→ **WORK ORDER**
Please restate each entry below, word for word.

→ **Collected data**
>>>

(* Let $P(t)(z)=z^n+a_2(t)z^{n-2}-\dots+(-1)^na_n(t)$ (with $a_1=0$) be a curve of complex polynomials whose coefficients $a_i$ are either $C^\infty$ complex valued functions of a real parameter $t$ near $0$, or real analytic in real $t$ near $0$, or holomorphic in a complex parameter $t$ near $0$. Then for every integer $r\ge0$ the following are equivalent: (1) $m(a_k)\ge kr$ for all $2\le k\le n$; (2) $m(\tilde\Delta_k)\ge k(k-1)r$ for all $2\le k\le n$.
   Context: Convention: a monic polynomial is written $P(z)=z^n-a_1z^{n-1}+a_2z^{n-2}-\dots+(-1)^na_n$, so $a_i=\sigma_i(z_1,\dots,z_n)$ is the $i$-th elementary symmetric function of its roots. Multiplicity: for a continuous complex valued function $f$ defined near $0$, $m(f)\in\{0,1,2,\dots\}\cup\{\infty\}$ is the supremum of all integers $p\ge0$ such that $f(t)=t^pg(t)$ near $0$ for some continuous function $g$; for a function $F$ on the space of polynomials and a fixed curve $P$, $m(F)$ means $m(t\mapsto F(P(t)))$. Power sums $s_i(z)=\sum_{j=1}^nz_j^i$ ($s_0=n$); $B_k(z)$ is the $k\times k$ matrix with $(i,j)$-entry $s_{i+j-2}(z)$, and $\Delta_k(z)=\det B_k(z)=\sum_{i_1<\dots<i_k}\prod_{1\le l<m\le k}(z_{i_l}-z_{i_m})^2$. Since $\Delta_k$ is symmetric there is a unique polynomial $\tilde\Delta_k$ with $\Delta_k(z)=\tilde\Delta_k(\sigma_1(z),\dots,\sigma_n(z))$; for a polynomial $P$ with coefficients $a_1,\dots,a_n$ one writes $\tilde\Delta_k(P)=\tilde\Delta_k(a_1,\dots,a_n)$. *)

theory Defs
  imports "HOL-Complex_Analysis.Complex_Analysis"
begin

<<<

→ **SOLUTION TO THIS PROBLEM**
(* Let $P(t)(z)=z^n+a_2(t)z^{n-2}-\dots+(-1)^na_n(t)$ (with $a_1=0$) be a curve of complex polynomials whose coefficients $a_i$ are either $C^\infty$ complex valued functions of a real parameter $t$ near $0$, or real analytic in real $t$ near $0$, or holomorphic in a complex parameter $t$ near $0$. Then for every integer $r\ge0$ the following are equivalent: (1) $m(a_k)\ge kr$ for all $2\le k\le n$; (2) $m(\tilde\Delta_k)\ge k(k-1)r$ for all $2\le k\le n$.
   Context: Convention: a monic polynomial is written $P(z)=z^n-a_1z^{n-1}+a_2z^{n-2}-\dots+(-1)^na_n$, so $a_i=\sigma_i(z_1,\dots,z_n)$ is the $i$-th elementary symmetric function of its roots. Multiplicity: for a continuous complex valued function $f$ defined near $0$, $m(f)\in\{0,1,2,\dots\}\cup\{\infty\}$ is the supremum of all integers $p\ge0$ such that $f(t)=t^pg(t)$ near $0$ for some continuous function $g$; for a function $F$ on the space of polynomials and a fixed curve $P$, $m(F)$ means $m(t\mapsto F(P(t)))$. Power sums $s_i(z)=\sum_{j=1}^nz_j^i$ ($s_0=n$); $B_k(z)$ is the $k\times k$ matrix with $(i,j)$-entry $s_{i+j-2}(z)$, and $\Delta_k(z)=\det B_k(z)=\sum_{i_1<\dots<i_k}\prod_{1\le l<m\le k}(z_{i_l}-z_{i_m})^2$. Since $\Delta_k$ is symmetric there is a unique polynomial $\tilde\Delta_k$ with $\Delta_k(z)=\tilde\Delta_k(\sigma_1(z),\dots,\sigma_n(z))$; for a polynomial $P$ with coefficients $a_1,\dots,a_n$ one writes $\tilde\Delta_k(P)=\tilde\Delta_k(a_1,\dots,a_n)$. *)

theory Defs
  imports "HOL-Complex_Analysis.Complex_Analysis"
begin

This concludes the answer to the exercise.